As soon as he got out of the cab he looked back down the road at me: The massive, luminous, sweating man, covered in tattoos and wearing a vest.
He stared at me, as I continued jogging towards a point approximately 30 yards to the north. A fixed point, unerring, where my long, straight empty path crossed the road he was now being dropped off into.
I saw him instantly break into a kind of bizarre speedwalk that made him look like an odd, spindly puppet being furiously finger-f*cked by a drunken pervert.

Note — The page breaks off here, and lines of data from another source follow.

(* Let $(G,\{1\},N\setminus\{1\})$ be a Stackelberg game with the single leader $1$. Then $\mathbf{X}^{SCE}=\mathbf{X}^{SCE\text{-}PA}=\mathbf{X}^{SCE\text{-}PAPE}$, and for every $\mathbf{x}=[x_\pi]\in\mathbf{X}^{SCE}$, the distribution $x_\varnothing$ maximizes $u_1$ over $\mathcal{X}^{CE}_{N\setminus\{1\}}$ (i.e. $x_\varnothing$ is an optimal correlated strategy to commit to).
   Context: A finite game is $G=(N,\{S_p\}_{p\in N},\{u_p\}_{p\in N})$ with players $N=\{1,\dots,n\}$, finite nonempty strategy sets $S_p$, and utilities $u_p:S\to\mathbb{R}$ on $S=\prod_{p\in N}S_p$; write $s=(s_p,s_{-p})$ with $s_{-p}\in S_{-p}=\prod_{q\neq p}S_q$. $\mathcal{X}=\Delta(S)$ is the set of probability distributions on $S$ and $u_p(x)=\sum_{s\in S}x(s)u_p(s)$ for $x\in\mathcal{X}$. For $P\subseteq N$, $\mathcal{X}^{CE}_P$ is the set of $x\in\mathcal{X}$ such that for every $p\in P$ and all $s_p\neq s_p'\in S_p$: $\sum_{s_{-p}\in S_{-p}} x(s_p,s_{-p})\,(u_p(s_p,s_{-p})-u_p(s_p',s_{-p}))\ge 0$; $\mathcal{X}^{CE}=\mathcal{X}^{CE}_N$ is the set of correlated equilibria of $G$. A Stackelberg game (SG) is a triple $(G,L,F)$ with $L\cup F=N$ and $L\cap F=\emptyset$ (leaders and followers). For $P\subseteq N$, $\Pi_P$ is the set of ordered subsets of $P$ (finite sequences of pairwise distinct elements of $P$, including the empty sequence $\varnothing$); for $\pi\in\Pi_P$ and $p\in P$ not occurring in $\pi$, $\pi p$ is $\pi$ with $p$ appended; when used as a set, $\pi$ means its set of entries. $\mathbf{X}=\prod_{\pi\in\Pi_L}\mathcal{X}^{CE}_{\pi\cup F}$, with elements $\mathbf{x}=[x_\pi]_{\pi\in\Pi_L}$. For $\mathbf{x}\in\mathbf{X}$ and $\pi\in\Pi_L$, $x_\pi$ is stable if $u_p(x_\pi)\ge u_p(x_{\pi p})$ for all $p\in L\setminus\pi$; $\mathbf{x}$ is stable if $x_\varnothing$ is stable, and perfectly stable if $x_\pi$ is stable for every $\pi\in\Pi_L$; $\mathbf{X}^{S}$ and $\mathbf{X}^{PS}$ denote the sets of stable and perfectly stable elements of $\mathbf{X}$. For $\mathbf{X}'\subseteq\mathbf{X}$ and $\pi\in\Pi_L$, $\mathcal{P}_{L\setminus\pi}(\mathbf{X}')$ is the set of Pareto optimal elements of $\{x'_\pi:\mathbf{x}'\in\mathbf{X}'\}$ with respect to the objectives $u_p$, $p\in L\setminus\pi$ (an element $y$ of the set is Pareto optimal if no $y'$ in the set satisfies $u_p(y')\ge u_p(y)$ for all $p\in L\setminus\pi$ with strict inequality for some such $p$). $\mathbf{x}\in\mathbf{X}$ is an SCE if $\mathbf{x}\in\mathbf{X}^S$ and $x_\varnothing\in\mathcal{P}_L(\mathbf{X}^S)$; an SCE-PA if $\mathbf{x}\in\mathbf{X}^{PS}$ and $x_\varnothing\in\mathcal{P}_L(\mathbf{X}^{PS})$; an SCE-PAPE if $\mathbf{x}\in\mathbf{X}^{PS}$ and $x_\pi\in\mathcal{P}_{L\setminus\pi}(\mathbf{X}^{PS})$ for every $\pi\in\Pi_L$. The corresponding sets are $\mathbf{X}^{SCE}$, $\mathbf{X}^{SCE\text{-}PA}$, $\mathbf{X}^{SCE\text{-}PAPE}$. *)

theory Defs
  imports Complex_Main "HOL-Library.FuncSet"
begin

text \<open>Players are natural numbers in a finite set N (in the theorem N = {1..n});
  Sset p is the strategy set of player p; a pure profile is an element of the
  extensional product PiE N Sset; u p s is the utility of player p at profile s.\<close>

definition profiles :: "nat set \<Rightarrow> (nat \<Rightarrow> 's set) \<Rightarrow> (nat \<Rightarrow> 's) set" where
  "profiles N Sset = PiE N Sset"

definition Dist :: "nat set \<Rightarrow> (nat \<Rightarrow> 's set) \<Rightarrow> ((nat \<Rightarrow> 's) \<Rightarrow> real) set" where
  "Dist N Sset = {x. (\<forall>s. 0 \<le> x s) \<and> (\<forall>s. s \<notin> profiles N Sset \<longrightarrow> x s = 0)
                     \<and> sum x (profiles N Sset) = 1}"

definition EU :: "nat set \<Rightarrow> (nat \<Rightarrow> 's set) \<Rightarrow> (nat \<Rightarrow> (nat \<Rightarrow> 's) \<Rightarrow> real)
                  \<Rightarrow> nat \<Rightarrow> ((nat \<Rightarrow> 's) \<Rightarrow> real) \<Rightarrow> real" where
  "EU N Sset u p x = (\<Sum>s\<in>profiles N Sset. x s * u p s)"

text \<open>X^CE_P: the sum over s_{-p} is written as the sum over profiles s with s p = a.\<close>
definition CE_P :: "nat set \<Rightarrow> (nat \<Rightarrow> 's set) \<Rightarrow> (nat \<Rightarrow> (nat \<Rightarrow> 's) \<Rightarrow> real)
                    \<Rightarrow> nat set \<Rightarrow> ((nat \<Rightarrow> 's) \<Rightarrow> real) set" where
  "CE_P N Sset u P = {x \<in> Dist N Sset. \<forall>p\<in>P. \<forall>a\<in>Sset p. \<forall>b\<in>Sset p. a \<noteq> b \<longrightarrow>
      0 \<le> (\<Sum>s\<in>{s \<in> profiles N Sset. s p = a}. x s * (u p s - u p (s(p := b))))}"

definition ordered_subsets :: "nat set \<Rightarrow> nat list set" where
  "ordered_subsets P = {\<pi>. distinct \<pi> \<and> set \<pi> \<subseteq> P}"

definition BX :: "nat set \<Rightarrow> (nat \<Rightarrow> 's set) \<Rightarrow> (nat \<Rightarrow> (nat \<Rightarrow> 's) \<Rightarrow> real)
                  \<Rightarrow> nat set \<Rightarrow> nat set \<Rightarrow> (nat list \<Rightarrow> (nat \<Rightarrow> 's) \<Rightarrow> real) set" where
  "BX N Sset u L F = {x. \<forall>\<pi>\<in>ordered_subsets L. x \<pi> \<in> CE_P N Sset u (set \<pi> \<union> F)}"

definition stable_at :: "nat set \<Rightarrow> (nat \<Rightarrow> 's set) \<Rightarrow> (nat \<Rightarrow> (nat \<Rightarrow> 's) \<Rightarrow> real)
                  \<Rightarrow> nat set \<Rightarrow> (nat list \<Rightarrow> (nat \<Rightarrow> 's) \<Rightarrow> real) \<Rightarrow> nat list \<Rightarrow> bool" where
  "stable_at N Sset u L x \<pi> =
     (\<forall>p\<in>L - set \<pi>. EU N Sset u p (x (\<pi> @ [p])) \<le> EU N Sset u p (x \<pi>))"

definition XS :: "nat set \<Rightarrow> (nat \<Rightarrow> 's set) \<Rightarrow> (nat \<Rightarrow> (nat \<Rightarrow> 's) \<Rightarrow> real)
                  \<Rightarrow> nat set \<Rightarrow> nat set \<Rightarrow> (nat list \<Rightarrow> (nat \<Rightarrow> 's) \<Rightarrow> real) set" where
  "XS N Sset u L F = {x \<in> BX N Sset u L F. stable_at N Sset u L x []}"

definition XPS :: "nat set \<Rightarrow> (nat \<Rightarrow> 's set) \<Rightarrow> (nat \<Rightarrow> (nat \<Rightarrow> 's) \<Rightarrow> real)
                  \<Rightarrow> nat set \<Rightarrow> nat set \<Rightarrow> (nat list \<Rightarrow> (nat \<Rightarrow> 's) \<Rightarrow> real) set" where
  "XPS N Sset u L F = {x \<in> BX N Sset u L F.
      \<forall>\<pi>\<in>ordered_subsets L. stable_at N Sset u L x \<pi>}"

definition pareto :: "nat set \<Rightarrow> (nat \<Rightarrow> 's set) \<Rightarrow> (nat \<Rightarrow> (nat \<Rightarrow> 's) \<Rightarrow> real)
                  \<Rightarrow> nat set \<Rightarrow> (nat list \<Rightarrow> (nat \<Rightarrow> 's) \<Rightarrow> real) set \<Rightarrow> nat list
                  \<Rightarrow> ((nat \<Rightarrow> 's) \<Rightarrow> real) set" where
  "pareto N Sset u Q X' \<pi> =
     {y \<in> (\<lambda>x. x \<pi>) ` X'. \<not> (\<exists>y'\<in>(\<lambda>x. x \<pi>) ` X'.
        (\<forall>p\<in>Q. EU N Sset u p y \<le> EU N Sset u p y') \<and>
        (\<exists>p\<in>Q. EU N Sset u p y < EU N Sset u p y'))}"

definition SCE :: "nat set \<Rightarrow> (nat \<Rightarrow> 's set) \<Rightarrow> (nat \<Rightarrow> (nat \<Rightarrow> 's) \<Rightarrow> real)
                  \<Rightarrow> nat set \<Rightarrow> nat set \<Rightarrow> (nat list \<Rightarrow> (nat \<Rightarrow> 's) \<Rightarrow> real) set" where
  "SCE N Sset u L F = {x \<in> XS N Sset u L F. x [] \<in> pareto N Sset u L (XS N Sset u L F) []}"

definition SCE_PA :: "nat set \<Rightarrow> (nat \<Rightarrow> 's set) \<Rightarrow> (nat \<Rightarrow> (nat \<Rightarrow> 's) \<Rightarrow> real)
                  \<Rightarrow> nat set \<Rightarrow> nat set \<Rightarrow> (nat list \<Rightarrow> (nat \<Rightarrow> 's) \<Rightarrow> real) set" where
  "SCE_PA N Sset u L F = {x \<in> XPS N Sset u L F. x [] \<in> pareto N Sset u L (XPS N Sset u L F) []}"

definition SCE_PAPE :: "nat set \<Rightarrow> (nat \<Rightarrow> 's set) \<Rightarrow> (nat \<Rightarrow> (nat \<Rightarrow> 's) \<Rightarrow> real)
                  \<Rightarrow> nat set \<Rightarrow> nat set \<Rightarrow> (nat list \<Rightarrow> (nat \<Rightarrow> 's) \<Rightarrow> real) set" where
  "SCE_PAPE N Sset u L F = {x \<in> XPS N Sset u L F.
      \<forall>\<pi>\<in>ordered_subsets L. x \<pi> \<in> pareto N Sset u (L - set \<pi>) (XPS N Sset u L F) \<pi>}"

end

theory Submission
  imports Defs
begin

text \<open>With a single leader l the only ordered subsets are [] and [l]. Perfect stability then
  reduces to stability, and at [l] there is no objective left, so every candidate is Pareto
  optimal there: the three solution concepts coincide. Pareto optimality of x [] with the
  single objective u l is plain maximality, and any y in X^CE_F with a larger leader payoff
  could replace x [] without breaking stability, since u l (x [l]) \<le> u l (x []) < u l y.\<close>

lemma ordered_subsets_singleton: "ordered_subsets {l} = {[], [l]}"
proof -
  have "xs = [] \<or> xs = [l]" if "distinct xs" "set xs \<subseteq> {l}" for xs
  proof (cases xs)
    case (Cons a t)
    with that have "a = l" "set t \<subseteq> {l}" "l \<notin> set t" by auto
    then show ?thesis using Cons by (cases t) auto
  qed simp
  then show ?thesis unfolding ordered_subsets_def by auto
qed

lemma XPS_single_leader: "XPS N S u {l} F = XS N S u {l} F"
  unfolding XPS_def XS_def ordered_subsets_singleton stable_at_def by auto

lemma XS_single_leader_iff:
  "x \<in> XS N S u {l} F \<longleftrightarrow>
     x [] \<in> CE_P N S u F \<and> x [l] \<in> CE_P N S u (insert l F)
     \<and> EU N S u l (x [l]) \<le> EU N S u l (x [])"
  unfolding XS_def BX_def stable_at_def ordered_subsets_singleton by auto

lemma pareto_no_objectives: "x \<in> X' \<Longrightarrow> x \<pi> \<in> pareto N S u {} X' \<pi>"
  unfolding pareto_def by auto

lemma pareto_single_objective:
  "y \<in> pareto N S u {p} X' \<pi> \<longleftrightarrow>
     y \<in> (\<lambda>x. x \<pi>) ` X' \<and> (\<forall>x\<in>X'. EU N S u p (x \<pi>) \<le> EU N S u p y)"
  unfolding pareto_def by (auto simp: not_le)

lemma SCE_eq_SCE_PA_single_leader: "SCE N S u {l} F = SCE_PA N S u {l} F"
  unfolding SCE_def SCE_PA_def XPS_single_leader ..

lemma SCE_PA_eq_SCE_PAPE_single_leader: "SCE_PA N S u {l} F = SCE_PAPE N S u {l} F"
  unfolding SCE_PA_def SCE_PAPE_def ordered_subsets_singleton
  using pareto_no_objectives by auto

lemma SCE_single_leader_commitment_optimal:
  assumes x: "x \<in> SCE N S u {l} F"
  shows "x [] \<in> CE_P N S u F \<and> (\<forall>y\<in>CE_P N S u F. EU N S u l y \<le> EU N S u l (x []))"
proof -
  from x have xs: "x \<in> XS N S u {l} F"
    and max: "\<forall>x'\<in>XS N S u {l} F. EU N S u l (x' []) \<le> EU N S u l (x [])"
    unfolding SCE_def pareto_single_objective by auto
  have "EU N S u l y \<le> EU N S u l (x [])" if y: "y \<in> CE_P N S u F" for y
  proof (rule ccontr)
    assume "\<not> ?thesis"
    with xs y have "x([] := y) \<in> XS N S u {l} F"
      unfolding XS_single_leader_iff by auto
    with max \<open>\<not> ?thesis\<close> show False by force
  qed
  with xs show ?thesis unfolding XS_single_leader_iff by blast
qed

theorem theorem2:
  fixes n :: nat and Sset :: "nat \<Rightarrow> 's set" and u :: "nat \<Rightarrow> (nat \<Rightarrow> 's) \<Rightarrow> real"
  assumes "1 \<le> n"
    and "\<forall>p\<in>{1..n}. finite (Sset p) \<and> Sset p \<noteq> {}"
  shows "SCE {1..n} Sset u {1} ({1..n} - {1}) = SCE_PA {1..n} Sset u {1} ({1..n} - {1})
       \<and> SCE_PA {1..n} Sset u {1} ({1..n} - {1}) = SCE_PAPE {1..n} Sset u {1} ({1..n} - {1})
       \<and> (\<forall>x\<in>SCE {1..n} Sset u {1} ({1..n} - {1}).
            x [] \<in> CE_P {1..n} Sset u ({1..n} - {1})
          \<and> (\<forall>y\<in>CE_P {1..n} Sset u ({1..n} - {1}).
               EU {1..n} Sset u 1 y \<le> EU {1..n} Sset u 1 (x [])))"
  using SCE_eq_SCE_PA_single_leader SCE_PA_eq_SCE_PAPE_single_leader
    SCE_single_leader_commitment_optimal by blast

end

To my amazement, he was heading straight for Point X like some kind of irrelevant fat baby in a grown-up’s suit, he was racing me to that point of ultimate conversion where the paths of our destiny crossed.
He was racing me.
Or more to the point, he was trying to time it so that we came together in one of those little pavement anecdotes of utter f*ckpest that come to be when two people suddenly and accidentally try to inhabit the same exact space.
Even more bizarre was the aggressive, cockerelesque strutdance he did to propel himself into position, presumably in order to win this tiny irrelevant battle by seeing me stop, slow down or veer around him like some kind of submissive, high-visibility f*ckmoon orbiting an arrogant tw@tplanet.
This was his moment and he was throwing down the gauntlet hard. His glowering bastard of a face locking onto me like a big desperate mental.
I didn’t even look up.
I ran on, entirely ignorant of his existence and ran directly through him.
His businessy face bounced firmly off of my chest as I proceeded through him like a freight train smashing through a particularly limp scarecrow. I could almost sense the regret as those last few seconds panned out and he realised he was deliberately in front of 18 and-a-half stones of heavily tattooed bastard.
The umbrella went first, thrown forwards in some kind of unusual panic-based reaction. The briefcase simply released in shock as he landed on his suity anus on the grass at the side of the path, like a small, irrelevant, suited dogsh!t.
I ran on, entirely unaffected.
I didn’t look back, I have no idea what, if anything, he said, as I was listening to Rage Against the Machine really loudly under my bobble hat.
But as I ran on through the pain and on into the cold winter night… I smiled.